IV. To determine the frequency and spectrum of germline cancer susceptibility mutations in
children with relapsed solid tumors and non-Hodgkin lymphomas and assess the feasibility of
return of those results in the National Clinical Trial Network (NCTN) group setting.
OUTLINE:
STEP 1 (SCREENING): Patients undergo biopsy along with tumor mutational screening of the
biopsy material for specific, pre-defined mutations, amplifications, or translocations of
interest via tumor sequencing and immunohistochemistry. Patients also undergo collection of
blood samples for research purposes.
STEP 2 (TREATMENT): Patients with a mutation targeted by one or more of the investigational
drugs used in this study or those without mutations are assigned to 1 of 10 treatment
subprotocols.
APEC1621A: Patients with a NTRK1, NTRK2, or NTRK3 gene fusion receive larotrectinib sulfate
orally (PO) or via nasogastric- or gastric-tube twice daily (BID) on days 1-28. Cycles repeat
every 28 days for 2 years in the absence of disease progression or unacceptable toxicity.
APEC1621B: Patients with a FGFR1, FGFR2, FGFR3, or FGFR4 gene mutation receive erdafitinib PO
once daily (QD) on days 1-28 of each cycle. Treatment repeats every 28 days for up to 26
cycles (2 years) in the absence of disease progression or unacceptable toxicity. Patients
undergo an x-ray, computed tomography (CT scan), magnetic resonance imaging (MRI),
radionuclide imaging, and/or bone scan, as well as a bone marrow aspiration and/or biopsy
during screening and on study. Patients also undergo blood sample collection on study.

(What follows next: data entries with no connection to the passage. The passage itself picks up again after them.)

(* For every integer $N\ge 1$ there exists a $2$-$(4,N,2)$-tropical protocol.
   Context: Tropical arithmetic on $\mathbb{R}\cup\{\infty\}$: $x\oplus y=\min(x,y)$, $x\odot y=x+y$, with $x\oplus\infty=x$ and $x\odot\infty=\infty$; for a matrix $S$ and vector $\mathbf{x}$, $(S\odot\mathbf{x})_t=\min_j(S_{tj}+x_j)$. An $R$-$(T,N,D)$-tropical protocol consists of $R$ functions $\mathcal{S}^{(1)},\dots,\mathcal{S}^{(R)}$: $S^{(1)}=\mathcal{S}^{(1)}()$ is a fixed matrix, and for $r\ge 2$, $S^{(r)}=\mathcal{S}^{(r)}$ applied to the results $\bigl(S^{(1)};\dots;S^{(r-1)}\bigr)\odot\mathbf{x}$ of all previous rounds (vertical stacking); each $S^{(r)}$ has $N$ columns, entries in $\{0\}\cup\mathbb{N}\cup\{\infty\}$, and a number of rows that may depend on previous results, the total number of rows being at most $T$ for every $\mathbf{x}$; and the final result $\bigl(S^{(1)};\dots;S^{(R)}\bigr)\odot\mathbf{x}$ determines $\mathbf{x}$ uniquely among all $\mathbf{x}\in(\{0\}\cup\mathbb{N}\cup\{\infty\})^N$ with at most $D$ finite entries. It is within maximum delay $\ell$ if all schedule matrices use only entries in $\{0,1,\dots,\ell,\infty\}$. *)

theory Defs
  imports Main "HOL-Library.Extended_Nat"
begin

text \<open>Values in {0} \<union> \<nat> \<union> {\<infinity>} are modelled by enat. Vectors of length N are lists of
length N, matrices are lists of rows (each row a list of length N).\<close>

definition trop_row :: "enat list \<Rightarrow> enat list \<Rightarrow> enat" where
  "trop_row r x = foldr min (map2 (+) r x) \<infinity>"

definition trop_mult :: "enat list list \<Rightarrow> enat list \<Rightarrow> enat list" where
  "trop_mult S x = map (\<lambda>r. trop_row r x) S"

text \<open>A protocol is a list of round functions; round r receives the results of
all previous rounds (vertically stacked), the first round receives the empty list,
so its schedule matrix is fixed.\<close>

definition proto_run :: "(enat list \<Rightarrow> enat list list) list \<Rightarrow> enat list \<Rightarrow> enat list" where
  "proto_run fs x = foldl (\<lambda>y f. y @ trop_mult (f y) x) [] fs"

definition proto_sched :: "(enat list \<Rightarrow> enat list list) list \<Rightarrow> enat list \<Rightarrow> nat \<Rightarrow> enat list list" where
  "proto_sched fs x r = (fs ! r) (proto_run (take r fs) x)"

definition num_finite :: "enat list \<Rightarrow> nat" where
  "num_finite x = card {j. j < length x \<and> x ! j \<noteq> \<infinity>}"

definition tropical_protocol ::
  "nat \<Rightarrow> nat \<Rightarrow> nat \<Rightarrow> nat \<Rightarrow> (enat list \<Rightarrow> enat list list) list \<Rightarrow> bool" where
  "tropical_protocol R T N D fs \<longleftrightarrow>
     length fs = R \<and>
     (\<forall>x. length x = N \<longrightarrow>
        (\<forall>r<R. \<forall>row \<in> set (proto_sched fs x r). length row = N) \<and>
        length (proto_run fs x) \<le> T) \<and>
     (\<forall>x y. length x = N \<and> length y = N \<and> num_finite x \<le> D \<and> num_finite y \<le> D \<and>
        proto_run fs x = proto_run fs y \<longrightarrow> x = y)"

end

theory Submission
  imports Defs
begin

text \<open>Round one measures \<open>a = min\<^sub>j (j + x\<^sub>j)\<close> and \<open>c = min\<^sub>j (N - j + x\<^sub>j)\<close>, so every
finite entry lies on or above both lines \<open>a - j\<close> and \<open>c - N + j\<close>. With at most two finite
entries, either one of them sits at the apex \<open>2j + c = a + N\<close> of this tent, or one touches the
left arm strictly left of the apex and the other the right arm strictly right of it. Round two
knows \<open>a\<close> and \<open>c\<close> and weights the indices on one side of the apex by 0 and those on the other
side by \<open>a + c + 1 + j\<close> (the apex itself by \<open>\<infinity>\<close>), once in each orientation. That weight exceeds
\<open>a + c\<close>, so a far-side entry loses against any near-side entry, and when it wins nonetheless
its index is the excess over the other value. In every configuration the two new values
therefore determine the entries, which yields an explicit decoder of the transcript.\<close>

lemma foldr_min_eq_Min: "foldr min xs (b :: 'a :: linorder) = Min (insert b (set xs))"
  by (induction xs) (simp_all add: insert_commute min.commute)

lemma trop_row_upt:
  assumes "length x = N"
  shows "trop_row (map f [0..<N]) x = Min (insert \<infinity> ((\<lambda>j. f j + x ! j) ` {..<N}))"
proof -
  have "map2 (+) (map f [0..<N]) x = map (\<lambda>j. f j + x ! j) [0..<N]"
    using assms by (intro nth_equalityI) auto
  then show ?thesis
    unfolding trop_row_def foldr_min_eq_Min by (simp add: atLeast0LessThan)
qed

lemma trop_row_eq_infinity_iff:
  assumes "length x = N" "\<forall>j<N. f j \<noteq> \<infinity>"
  shows "trop_row (map f [0..<N]) x = \<infinity> \<longleftrightarrow> (\<forall>j<N. x ! j = \<infinity>)"
  using assms by (force simp: trop_row_upt Min_eq_iff plus_eq_infty_iff_enat)

lemma trop_row_support:
  assumes "length x = N" "k < N" "l < N" "\<forall>j<N. j \<noteq> k \<and> j \<noteq> l \<longrightarrow> x ! j = \<infinity>"
  shows "trop_row (map f [0..<N]) x = min (f k + x ! k) (f l + x ! l)"
proof -
  have "insert \<infinity> ((\<lambda>j. f j + x ! j) ` {..<N}) = {\<infinity>, f k + x ! k, f l + x ! l}"
    using assms(2-4) by fastforce
  then show ?thesis
    using assms(1) by (simp add: trop_row_upt min.commute)
qed

definition point :: "nat \<Rightarrow> nat \<Rightarrow> nat \<Rightarrow> enat" where
  "point k u j = (if j = k then enat u else \<infinity>)"

lemma num_finite_le_2_cases:
  assumes "length x = N" "num_finite x \<le> 2"
  obtains (infinite) "\<forall>j<N. x ! j = \<infinity>"
  | (one) k u where "k < N" "\<forall>j<N. x ! j = point k u j"
  | (two) k l u w where "k < N" "l < N" "k \<noteq> l" "\<forall>j<N. x ! j = min (point k u j) (point l w j)"
proof -
  define S where "S = {j. j < N \<and> x ! j \<noteq> \<infinity>}"
  have finite_entry: "x ! j = enat (the_enat (x ! j))" if "j \<in> S" for j
    using that by (auto simp: S_def)
  have outside: "x ! j = \<infinity>" if "j < N" "j \<notin> S" for j
    using that by (auto simp: S_def)
  have "card S \<le> 2" "S \<subseteq> {..<N}"
    using assms by (auto simp: S_def num_finite_def)
  then consider "S = {}" | k where "S = {k}" | k l where "k \<noteq> l" "S = {k, l}"
    by (metis card_0_eq card_1_singleton_iff card_2_iff finite_nat_iff_bounded le_Suc_eq
        numeral_2_eq_2 le_zero_eq)
  then show thesis
  proof cases
    case 1
    then show thesis using infinite outside by blast
  next
    case (2 k)
    then show thesis
      using one[of k "the_enat (x ! k)"] finite_entry outside \<open>S \<subseteq> {..<N}\<close>
      by (auto simp: point_def)
  next
    case (3 k l)
    then show thesis
      using two[of k l "the_enat (x ! k)" "the_enat (x ! l)"] finite_entry outside \<open>S \<subseteq> {..<N}\<close>
      by (auto simp: point_def)
  qed
qed

definition left_probe :: "nat \<Rightarrow> nat \<Rightarrow> nat \<Rightarrow> nat \<Rightarrow> enat" where
  "left_probe N a c j =
     (if 2 * j + c < a + N then 0 else if a + N < 2 * j + c then enat (a + c + 1 + j) else \<infinity>)"

definition right_probe :: "nat \<Rightarrow> nat \<Rightarrow> nat \<Rightarrow> nat \<Rightarrow> enat" where
  "right_probe N a c j =
     (if a + N < 2 * j + c then 0 else if 2 * j + c < a + N then enat (a + c + 1 + j) else \<infinity>)"

definition apex :: "nat \<Rightarrow> nat \<Rightarrow> nat \<Rightarrow> nat \<Rightarrow> enat" where
  "apex N a c j = (if 2 * j + c = a + N then enat (a - j) else \<infinity>)"

text \<open>An excess of one second-round value over the other beyond \<open>a + c\<close> reveals an apex entry
together with an entry on the side weighted 0 by that round; otherwise the two entries lie on the
two arms.\<close>

definition decode :: "nat \<Rightarrow> nat \<Rightarrow> nat \<Rightarrow> enat \<Rightarrow> enat \<Rightarrow> nat \<Rightarrow> enat" where
  "decode N a c r s j =
     (case (r, s) of
       (enat u, enat w) \<Rightarrow>
         if a + c < w - u then min (apex N a c j) (point (w - u - (a + c + 1)) u j)
         else if a + c < u - w then min (apex N a c j) (point (u - w - (a + c + 1)) w j)
         else min (point (a - u) u j) (point (N + w - c) w j)
     | _ \<Rightarrow> apex N a c j)"

lemma decode_apex:
  assumes "2 * k + c = a + N" "u + k = a"
  shows "decode N a c \<infinity> \<infinity> j = point k u j"
  using assms by (auto simp: decode_def apex_def point_def)

lemma decode_apex_and_point:
  assumes "2 * k + c = a + N" "u + k = a" "2 * l + c \<noteq> a + N"
  shows "decode N a c (left_probe N a c l + enat w) (right_probe N a c l + enat w) j
           = min (point k u j) (point l w j)"
proof (cases "2 * l + c < a + N")
  case True
  then show ?thesis
    using assms by (auto simp: decode_def left_probe_def right_probe_def apex_def point_def)
next
  case False
  then show ?thesis
    using assms by (auto simp: decode_def left_probe_def right_probe_def apex_def point_def)
qed

lemma decode_arms:
  assumes "u + k = a" "2 * k + c < a + N" "w + (N - l) = c" "a + N < 2 * l + c" "l < N"
  shows "decode N a c (enat u) (enat w) j = min (point k u j) (point l w j)"
  using assms by (auto simp: decode_def point_def)

lemma decode_two_points:
  assumes "k < N" "l < N" "k \<noteq> l"
    and a: "min (k + u) (l + w) = a" and c: "min (N - k + u) (N - l + w) = c"
  shows "decode N a c
           (min (left_probe N a c k + enat u) (left_probe N a c l + enat w))
           (min (right_probe N a c k + enat u) (right_probe N a c l + enat w)) j
         = min (point k u j) (point l w j)"
proof -
  let ?L = "left_probe N a c" and ?R = "right_probe N a c"
  consider "u + k = a" "2 * k + c = a + N" | "w + l = a" "2 * l + c = a + N"
    | "u + k = a" "2 * k + c < a + N" "w + (N - l) = c" "a + N < 2 * l + c"
    | "w + l = a" "2 * l + c < a + N" "u + (N - k) = c" "a + N < 2 * k + c"
    using a c assms(1,2) by linarith
  then show ?thesis
  proof cases
    case 1
    then have "?L k = \<infinity>" "?R k = \<infinity>" "2 * l + c \<noteq> a + N"
      using \<open>k \<noteq> l\<close> by (auto simp: left_probe_def right_probe_def)
    with 1 show ?thesis by (simp add: decode_apex_and_point)
  next
    case 2
    then have "?L l = \<infinity>" "?R l = \<infinity>" "2 * k + c \<noteq> a + N"
      using \<open>k \<noteq> l\<close> by (auto simp: left_probe_def right_probe_def)
    with 2 show ?thesis by (simp add: decode_apex_and_point min.commute)
  next
    case 3
    then have "min (?L k + u) (?L l + w) = u" "min (?R k + u) (?R l + w) = w"
      by (auto simp: left_probe_def right_probe_def)
    with 3 show ?thesis using \<open>l < N\<close> by (simp add: decode_arms)
  next
    case 4
    then have "min (?L k + u) (?L l + w) = w" "min (?R k + u) (?R l + w) = u"
      by (auto simp: left_probe_def right_probe_def)
    with 4 show ?thesis
      using decode_arms[of w l a c N u k j] \<open>k < N\<close> by (simp add: min.commute)
  qed
qed

lemma decode_probes:
  assumes "length x = N" "num_finite x \<le> 2" "j < N"
    and a: "trop_row (map enat [0..<N]) x = enat a"
    and c: "trop_row (map (\<lambda>j. enat (N - j)) [0..<N]) x = enat c"
  shows "decode N a c (trop_row (map (left_probe N a c) [0..<N]) x)
           (trop_row (map (right_probe N a c) [0..<N]) x) j = x ! j"
  using assms(1,2)
proof (cases rule: num_finite_le_2_cases)
  case infinite
  with a show ?thesis using trop_row_eq_infinity_iff[OF assms(1), of enat] by simp
next
  case (one k u)
  then have row: "trop_row (map f [0..<N]) x = f k + enat u" for f
    using trop_row_support[OF assms(1), of k k f] by (simp add: point_def)
  have "u + k = a" "2 * k + c = a + N"
    using a c row \<open>k < N\<close> by auto
  then show ?thesis
    using one \<open>j < N\<close> by (simp add: row left_probe_def right_probe_def decode_apex)
next
  case (two k l u w)
  then have row: "trop_row (map f [0..<N]) x = min (f k + enat u) (f l + enat w)" for f
    using trop_row_support[OF assms(1), of k l f] by (simp add: point_def)
  have "min (k + u) (l + w) = a" "min (N - k + u) (N - l + w) = c"
    using a c row by (auto simp: min_def split: if_splits)
  then show ?thesis
    using two \<open>j < N\<close> by (simp add: row decode_two_points)
qed

definition first_schedule :: "nat \<Rightarrow> enat list list" where
  "first_schedule N = [map enat [0..<N], map (\<lambda>j. enat (N - j)) [0..<N]]"

definition second_schedule :: "nat \<Rightarrow> nat \<Rightarrow> nat \<Rightarrow> enat list list" where
  "second_schedule N a c = [map (left_probe N a c) [0..<N], map (right_probe N a c) [0..<N]]"

definition two_round_protocol :: "nat \<Rightarrow> (enat list \<Rightarrow> enat list list) list" where
  "two_round_protocol N =
     [\<lambda>_. first_schedule N, \<lambda>m. second_schedule N (the_enat (m ! 0)) (the_enat (m ! 1))]"

definition decode_transcript :: "nat \<Rightarrow> enat list \<Rightarrow> nat \<Rightarrow> enat" where
  "decode_transcript N m j =
     (if m ! 0 = \<infinity> then \<infinity> else decode N (the_enat (m ! 0)) (the_enat (m ! 1)) (m ! 2) (m ! 3) j)"

lemma proto_run_two_round_protocol:
  "proto_run (two_round_protocol N) x = (let m = trop_mult (first_schedule N) x in
     m @ trop_mult (second_schedule N (the_enat (m ! 0)) (the_enat (m ! 1))) x)"
  by (simp add: proto_run_def two_round_protocol_def Let_def)

lemma decode_transcript_two_round_protocol:
  assumes "length x = N" "num_finite x \<le> 2" "j < N"
  shows "decode_transcript N (proto_run (two_round_protocol N) x) j = x ! j"
proof -
  let ?a = "trop_row (map enat [0..<N]) x" and ?c = "trop_row (map (\<lambda>j. enat (N - j)) [0..<N]) x"
  have finite_iff: "?a = \<infinity> \<longleftrightarrow> (\<forall>j<N. x ! j = \<infinity>)" "?c = \<infinity> \<longleftrightarrow> (\<forall>j<N. x ! j = \<infinity>)"
    using assms(1) by (simp_all add: trop_row_eq_infinity_iff)
  show ?thesis
  proof (cases ?a)
    case (enat a)
    then obtain c where "?c = enat c"
      using finite_iff by (cases ?c) auto
    with enat assms show ?thesis
      by (simp add: proto_run_two_round_protocol decode_transcript_def first_schedule_def
          second_schedule_def trop_mult_def decode_probes)
  next
    case infinity
    with finite_iff assms show ?thesis
      by (simp add: proto_run_two_round_protocol decode_transcript_def first_schedule_def
          trop_mult_def)
  qed
qed

lemma two_round_protocol_injective:
  assumes "length x = N" "length y = N" "num_finite x \<le> 2" "num_finite y \<le> 2"
    and "proto_run (two_round_protocol N) x = proto_run (two_round_protocol N) y"
  shows "x = y"
proof (rule nth_equalityI)
  fix j assume "j < length x"
  then show "x ! j = y ! j"
    using assms decode_transcript_two_round_protocol by metis
qed (use assms in simp)

theorem mainTheorem16:
  fixes N :: nat
  assumes "N \<ge> 1"
  shows "\<exists>fs. tropical_protocol 2 4 N 2 fs"
proof
  have "length row = N" if "row \<in> set (proto_sched (two_round_protocol N) x r)" "r < 2" for x r row
    using that by (auto simp: less_2_cases_iff proto_sched_def two_round_protocol_def
        first_schedule_def second_schedule_def)
  moreover have "length (proto_run (two_round_protocol N) x) \<le> 4" for x
    by (simp add: proto_run_two_round_protocol first_schedule_def second_schedule_def trop_mult_def)
  ultimately show "tropical_protocol 2 4 N 2 (two_round_protocol N)"
    unfolding tropical_protocol_def
    using two_round_protocol_injective by (auto simp: two_round_protocol_def)
qed

end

APEC1621C: Patients with an EZH2, SMARCB1, or SMARCA4 gene mutation receive tazemetostat PO
BID on days 1-28. Cycles repeat every 28 days for 2 years in the absence of disease
progression or unacceptable toxicity.
APEC1621D: Patients with a TSC1, TSC2, or PI3K/mTOR gene mutations receive PI3K/mTOR
inhibitor LY3023414 PO BID on days 1-28. Cycles repeat every 28 days for 2 years in the
absence of disease progression or unacceptable toxicity.
APEC1621E: Patients with an activating MAPK pathway gene mutation receive selumetinib sulfate
PO BID on days 1-28. Cycles repeat every 28 days for 2 years in the absence of disease
progression or unacceptable toxicity.
APEC1621F: Patients with an ALK or ROS1 gene alteration receive ensartinib (ALK Inhibitor
X-396) PO BID on days 1-28. Cycles repeat every 28 days for 2 years (up to 26 cycles) in the
absence of disease progression or unacceptable toxicity. Patients undergo an x-ray, CT scan,
MRI, PET scan, radionuclide imaging, and/or bone scan, as well as a bone marrow aspiration
and/or biopsy during screening and on study. Patients also undergo blood sample collection on
study.
APEC1621G: Patients with a BRAF V600 gene mutation receive vemurafenib PO BID on days 1-28.
Cycles repeat every 28 days for 2 years in the absence of disease progression or unacceptable
toxicity.
APEC1621H: Patients with deleterious ATM, BRCA1, BRCA2, RAD51C, or RAD51D gene mutations
receive olaparib PO BID on days 1-28. Cycles repeat every 28 days for 2 years in the absence
of disease progression or unacceptable toxicity.
APEC1621I: Patients with Rb positive advanced solid tumors, non-Hodgkin lymphoma, or
histiocytic disorders with activating alterations in cell cycle genes receive palbociclib PO
QD on days 1-21. Cycles repeat every 28 days for up to 2 years in the absence of disease
progression or unacceptable toxicity.
APEC1621J: Patients with MAPK Pathway Mutations receive ulixertinib PO BID. Cycles repeat
every 28 days for up to 2 years in the absence of disease progression or unacceptable
toxicity.
APEC1621M: Patients with HRAS gene alterations receive tipifarnib PO or via nasogastric or
gastric tube BID on days 1-7 and 15-21. Treatment repeats every 28 days for up to 26 cycles
(2 years) in the absence of disease progression or unacceptable toxicity.
APEC1621N: Patients with activating RET gene alterations receive selpercatinib PO BID on days
1-28. Treatment repeats every 28 days for up to 26 cycles (2 years) in the absence of disease
progression or unacceptable toxicity. Patients may also undergo PET, CT, MRI, PET/CT,
PET/MRI, and/or CT/MRI, scintigraphy, and x-ray imaging throughout the trial.
After completion of study treatment, patients are followed up periodically.